ID Name Country City Age Salary JoinDate
1 John England London 22 7000 2019-10-01 09:05
2 John England Brighton 45 12000 2019-10-01 09:40
3 David France Paris 30 9500 2019-10-01 11:05
4 William France Marseille 30 5550 2019-10-01 11:33

The index for the Name column is:

Index Value Time Slice Partitions
John 2019-10-01 09:00 (England,London) , (England,Brighton)
David 2019-10-01 11:00 (France,Paris)
William 2019-10-01 11:00 (France,Marseille)

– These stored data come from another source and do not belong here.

lemma s_ser_at_delta: "p \<ge> 2 \<Longrightarrow> s_ser p (delta p a b) = of_nat (b choose a)"
  unfolding s_ser_def by (simp add: hsum_shifted_s_m_at_delta)

lemma s_ser_eq_0: "(\<And>a b. q \<noteq> delta p a b) \<Longrightarrow> s_ser p q = 0"
  unfolding s_ser_def by (rule hsum_shifted_s_m_eq_0)

lemma s_trunc_eq:
  "s_trunc p n i = hadd (hsum (\<lambda>m. hmul (hmono 1 (of_nat m)) (s_m p m)) {..<n})
    (\<lambda>q. hsum (\<lambda>j. hmono (of_nat (j choose n)) (delta p 0 j)) {n..<i} (q - of_nat n))"
  unfolding s_trunc_def delta_0_eq hmul_hmono by simp

lemma s_trunc_at_delta:
  assumes p: "p \<ge> 2"
  shows "s_trunc p n i (delta p a b) = (if delta p a b < delta p n i then of_nat (b choose a) else 0)"
proof (cases "a = n")
  case True
  have "delta p a b - of_nat n = delta p 0 b" by (simp add: True delta_eq_shift[of p n b])
  then show ?thesis
    by (simp add: s_trunc_eq hadd_def hsum_shifted_s_m_at_delta[OF p] hsum_hmono_delta_at_delta[OF p]
        delta_less_iff[OF p] True binomial_eq_0)
next
  case False
  then have "delta p a b - of_nat n \<noteq> delta p 0 j" for j
    by (simp add: delta_minus_of_nat_eq_delta_0_iff[OF p])
  then show ?thesis using False
    by (simp add: s_trunc_eq hadd_def hsum_shifted_s_m_at_delta[OF p] hsum_hmono_delta_eq_0
        delta_less_iff[OF p])
qed

lemma s_trunc_eq_0:
  assumes "\<And>a b. q \<noteq> delta p a b"
  shows "s_trunc p n i q = 0"
proof -
  have "q - of_nat n \<noteq> delta p 0 j" for j using assms[of n j] by (auto simp: delta_eq_shift[of p n j])
  then show ?thesis
    by (simp add: s_trunc_eq hadd_def hsum_shifted_s_m_eq_0[OF assms] hsum_hmono_delta_eq_0)
qed

lemma s_m_hahn: "p \<ge> 2 \<Longrightarrow> s_m p m \<in> hahn"
  by (rule hahn_if_support_delta) (use s_m_eq_0 in blast)+

lemma s_ser_hahn: "p \<ge> 2 \<Longrightarrow> s_ser p \<in> hahn"
  by (rule hahn_if_support_delta) (use s_ser_eq_0 in blast)+

lemma s_trunc_hahn: "p \<ge> 2 \<Longrightarrow> s_trunc p n i \<in> hahn"
  by (rule hahn_if_support_delta) (use s_trunc_eq_0 in blast)+

section \<open>The valuations \<open>v\<^sub>n\<^sub>,\<^sub>i\<close> and \<open>v\<^sub>s\<close>\<close>

lemma vdepth0_linear:
  fixes x c :: "'f::comm_ring_1 hser"
  assumes "x \<in> hahn" "c \<in> hahn"
  shows "vdepth0 c d [hneg x, hone] = min (hval (hadd c (hneg x))) (ereal (real_of_rat d))"
proof -
  have cs: "set [hneg x, hone] \<subseteq> hahn" using assms by (simp add: hneg_hahn hone_hahn)
  have "taylor_coeff [hneg x, hone] c 0 = hadd c (hneg x)"
    unfolding taylor_coeff_eq_sum[OF cs assms(2)]
    by (simp add: numeral_2_eq_2 plus_hahn_series.rep_eq times_hahn_series.rep_eq
        one_hahn_series.rep_eq hcoeff_Abs hneg_hahn hone_hahn assms hmul_hone
        hmul_commute[of hone] hadd_def fun_eq_iff add.commute)
  moreover have "taylor_coeff [hneg x, hone] c 1 = hone"
    unfolding taylor_coeff_eq_sum[OF cs assms(2)]
    by (simp add: numeral_2_eq_2 times_hahn_series.rep_eq one_hahn_series.rep_eq hcoeff_Abs hone_hahn)
  moreover have "{..<length [hneg x, hone]} = {0, 1}" by auto
  ultimately show ?thesis
    unfolding vdepth0_def by (simp add: hval_hone inf_min zero_ereal_def)
qed

text \<open>Expanding in powers of \<open>x - c\<close>: each term \<open>a\<^sub>l (x - c)\<^sup>l\<close> has value at least
  \<open>v(a\<^sub>l) + l d\<close>.\<close>

lemma vdepth0_le_hval_heval:
  fixes cs :: "'f::comm_ring_1 hser list"
  assumes cs: "set cs \<subseteq> hahn" and x: "x \<in> hahn" and c: "c \<in> hahn"
    and d: "ereal (real_of_rat d) \<le> hval (hadd x (hneg c))"
  shows "vdepth0 c d cs \<le> hval (heval cs x)"
proof -
  define N where "N = length cs"
  define a where "a k = Abs_hahn_series (cs ! k)" for k
  define X where "X = Abs_hahn_series x"
  define C where "C = Abs_hahn_series c"
  define T where "T l = (\<Sum>k\<in>{l..<N}. of_nat (k choose l) * a k * C ^ (k - l))" for l
  have "hval (heval cs x) = valuation (\<Sum>k<N. a k * X ^ k)"
    unfolding valuation_def heval_eq_sum[OF cs x] N_def a_def X_def ..
  also have "(\<Sum>k<N. a k * X ^ k) = (\<Sum>l<N. T l * (X - C) ^ l)"
    unfolding T_def by (rule taylor_expansion_sum)
  finally have v: "hval (heval cs x) = valuation (\<Sum>l<N. T l * (X - C) ^ l)" .
  have "vdepth0 c d cs = (INF l\<in>{..<N}. valuation (T l) + ereal (real_of_rat (of_nat l * d)))"
    unfolding vdepth0_def taylor_coeff_eq_sum[OF cs c] valuation_def T_def N_def a_def C_def ..
  also have "\<dots> \<le> (INF l\<in>{..<N}. valuation (T l * (X - C) ^ l))"
  proof (rule INF_mono)
    fix l assume "l \<in> {..<N}"
    have "ereal (real_of_rat d) \<le> valuation (X - C)"
      using d x c by (simp add: valuation_def minus_hahn_series.rep_eq X_def C_def hcoeff_Abs)
    then have "valuation (T l) + ereal (real_of_rat (of_nat l * d)) \<le> valuation (T l) + valuation ((X - C) ^ l)"
      by (intro add_mono order_refl valuation_power)
    also have "\<dots> \<le> valuation (T l * (X - C) ^ l)" by (rule valuation_mult)
    finally show "\<exists>m\<in>{..<N}. valuation (T m) + ereal (real_of_rat (of_nat m * d)) \<le> valuation (T l * (X - C) ^ l)"
      using \<open>l \<in> {..<N}\<close> by blast
  qed
  also have "\<dots> \<le> valuation (\<Sum>l<N. T l * (X - C) ^ l)" by (rule valuation_sum) simp
  finally show ?thesis unfolding v .
qed

lemma s_trunc_diff_nonzero:
  assumes p: "p \<ge> 2" and nz: "hadd (s_trunc p n i) (hneg (s_trunc p m j)) q \<noteq> (0::'f::comm_ring_1)"
  obtains a b where "q = delta p a b" "(delta p a b < delta p n i) \<noteq> (delta p a b < delta p m j)"
proof -
  have "s_trunc p n i q \<noteq> (0::'f) \<or> s_trunc p m j q \<noteq> (0::'f)" using nz by (auto simp: hadd_def hneg_def)
  then obtain a b where q: "q = delta p a b" by (meson s_trunc_eq_0)
  moreover have "(delta p a b < delta p n i) \<noteq> (delta p a b < delta p m j)"
    using nz by (auto simp: q hadd_def hneg_def s_trunc_at_delta[OF p] split: if_splits)
  ultimately show ?thesis using that by blast
qed

lemma hval_s_trunc_diff_less:
  assumes p: "p \<ge> 2" and less: "delta p m j < delta p n i" and nz: "(of_nat (j choose m) :: 'f) \<noteq> 0"
  shows "hval (hadd (s_trunc p n i) (hneg (s_trunc p m j)) :: 'f::comm_ring_1 hser)
    = ereal (real_of_rat (delta p m j))"
proof (rule hval_eqI)
  show "hadd (s_trunc p n i) (hneg (s_trunc p m j)) (delta p m j) \<noteq> (0::'f)"
    using less nz by (simp add: hadd_def hneg_def s_trunc_at_delta[OF p])
  fix q assume "hadd (s_trunc p n i) (hneg (s_trunc p m j)) q \<noteq> (0::'f)"
  then show "delta p m j \<le> q"
    using less by (elim s_trunc_diff_nonzero[OF p]) auto
qed

lemma hval_s_trunc_diff_ge:
  assumes p: "p \<ge> 2" and le: "delta p n i \<le> delta p m j"
  shows "ereal (real_of_rat (delta p n i))
    \<le> hval (hadd (s_trunc p n i) (hneg (s_trunc p m j)) :: 'f::comm_ring_1 hser)"
proof (rule hval_geI)
  show "hadd (s_trunc p n i) (hneg (s_trunc p m j)) \<in> (hahn :: 'f hser set)"
    by (simp add: hadd_hahn hneg_hahn s_trunc_hahn[OF p])
  fix q assume "hadd (s_trunc p n i) (hneg (s_trunc p m j)) q \<noteq> (0::'f)"
  then have "delta p n i \<le> q" using le by (elim s_trunc_diff_nonzero[OF p]) auto
  then show "ereal (real_of_rat (delta p n i)) \<le> ereal (real_of_rat q)" by (simp add: of_rat_less_eq)
qed

theorem v_ni_linear:
  assumes p: "p \<ge> 2" and "CHAR('f::comm_ring_1) = p" and "(m, j) \<in> S_set p"
  shows "v_ni p n i [hneg (s_trunc p m j :: 'f hser), hone]
    = ereal (real_of_rat (min (delta p n i) (delta p m j)))"
proof -
  have v: "v_ni p n i [hneg (s_trunc p m j :: 'f hser), hone]
      = min (hval (hadd (s_trunc p n i) (hneg (s_trunc p m j)) :: 'f hser)) (ereal (real_of_rat (delta p n i)))"
    unfolding v_ni_def by (rule vdepth0_linear) (simp_all add: s_trunc_hahn[OF p])
  show ?thesis
  proof (cases "delta p m j < delta p n i")
    case True
    have "(of_nat (j choose m) :: 'f) \<noteq> 0"
      using assms(2,3) by (simp add: S_set_def of_nat_eq_0_iff_char_dvd)
    then have "hval (hadd (s_trunc p n i) (hneg (s_trunc p m j)) :: 'f hser) = ereal (real_of_rat (delta p m j))"
      by (rule hval_s_trunc_diff_less[OF p True])
    then show ?thesis unfolding v using True
      by (simp add: min_absorb1 min_absorb2 of_rat_less_eq)
  next
    case False
    then have le: "delta p n i \<le> delta p m j" by simp
    then have "min (delta p n i) (delta p m j) = delta p n i" by simp
    then show ?thesis unfolding v by (simp only: min_absorb2[OF hval_s_trunc_diff_ge[OF p le]])
  qed
qed

lemma hval_s_ser_minus_s_trunc:
  assumes p: "p \<ge> 2"
  shows "ereal (real_of_rat (delta p n i))
    \<le> hval (hadd (s_ser p) (hneg (s_trunc p n i)) :: 'f::comm_ring_1 hser)"
proof (rule hval_geI)
  show "hadd (s_ser p) (hneg (s_trunc p n i)) \<in> (hahn :: 'f hser set)"
    by (simp add: hadd_hahn hneg_hahn s_trunc_hahn[OF p] s_ser_hahn[OF p])
  fix q assume nz: "hadd (s_ser p) (hneg (s_trunc p n i)) q \<noteq> (0::'f)"
  have "s_ser p q \<noteq> (0::'f) \<or> s_trunc p n i q \<noteq> (0::'f)" using nz by (auto simp: hadd_def hneg_def)
  then obtain a b where "q = delta p a b" by (meson s_ser_eq_0 s_trunc_eq_0)
  then have "delta p n i \<le> q"
    using nz by (auto simp: hadd_def hneg_def s_trunc_at_delta[OF p] s_ser_at_delta[OF p] split: if_splits)
  then show "ereal (real_of_rat (delta p n i)) \<le> ereal (real_of_rat q)" by (simp add: of_rat_less_eq)
qed

theorem v_ni_le_v_s:
  assumes "p \<ge> 2" "set cs \<subseteq> hahn"
  shows "v_ni p n i cs \<le> v_s p cs"
  unfolding v_ni_def v_s_def
  using assms by (intro vdepth0_le_hval_heval hval_s_ser_minus_s_trunc s_ser_hahn s_trunc_hahn)

definition K_series :: "'f::comm_ring_1 hahn_series set" where
  "K_series = {x. hcoeff x \<in> K_set}"

lemma K_series_iff: "x \<in> K_series \<longleftrightarrow> (\<exists>N\<ge>1. \<forall>q. hcoeff x q \<noteq> 0 \<longrightarrow> of_nat N * q \<in> \<int>)"
proof -
  have "(\<exists>k::int. q = of_int k / of_nat N) \<longleftrightarrow> of_nat N * q \<in> \<int>" if "N \<ge> 1" for N :: nat and q :: rat
  proof
    assume "\<exists>k::int. q = of_int k / of_nat N"
    then show "of_nat N * q \<in> \<int>" using that by auto
  next
    assume "of_nat N * q \<in> \<int>"
    then obtain k where "of_nat N * q = of_int k" by (auto elim: Ints_cases)
    then show "\<exists>k::int. q = of_int k / of_nat N" using that by (auto simp: field_simps)
  qed
  then show ?thesis unfolding K_series_def K_set_def using hcoeff by auto
qed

The index for the Age column is:

Index Value Time Slice Partitions
22 2019-10-01 09:00 (England,London)
45 2019-10-01 09:30 (England,Brighton)
30 2019-10-01 11:00 (France,Paris)
2019-10-01 11:30 (France,Marseille)

First we can run the following query:

SELECT * FROM Person WHERE name = ‘John’ AND joinDate > 2019-10-01 07:00

InsightEdge verifies that it matches the batch index definitions, and the query is modified as follows:

SELECT * FROM Person WHERE (name = ‘John’ AND ((country = ‘England’ AND city = ‘London’) OR (country = ‘England’ AND city = ‘Brighton’)) AND joinDate > 2019-10-01 03:00

The following results are returned:

ID Name Country City Age Salary JoinDate
1 John England London 22 7000 2019-10-01 09:05
2 John England Brighton 45 12000 2019-10-01 09:40

Next, we can run another query:

SELECT * FROM Person WHERE age > 25 AND joinDate > 2019-10-01 07:00

InsightEdge verifies that it matches the batch index definitions, and the query is modified as follows:

SELECT * FROM Person WHERE (age > 25 AND ((country = ‘England’ AND city = ‘Brighton’) OR (country = ‘France’ AND city = ‘Paris’) OR (country = ‘France’ AND city = ‘Marseille’)) AND joinDate > 2019-10-01 07:00

The following results are returned:

ID Name Country City Age Salary JoinDate
2 John England Brighton 45 12000 2019-10-01 09:40
3 David France Paris 30 9500 2019-10-01 11:05
4 William France Marseille 30 5550 2019-10-01 11:33

Limitations

AnalyticsXtreme batch indexing has the following limitations:

  • JOIN queries are not supported.
  • Hive tables that are bucketed ("bucket by") are not supported.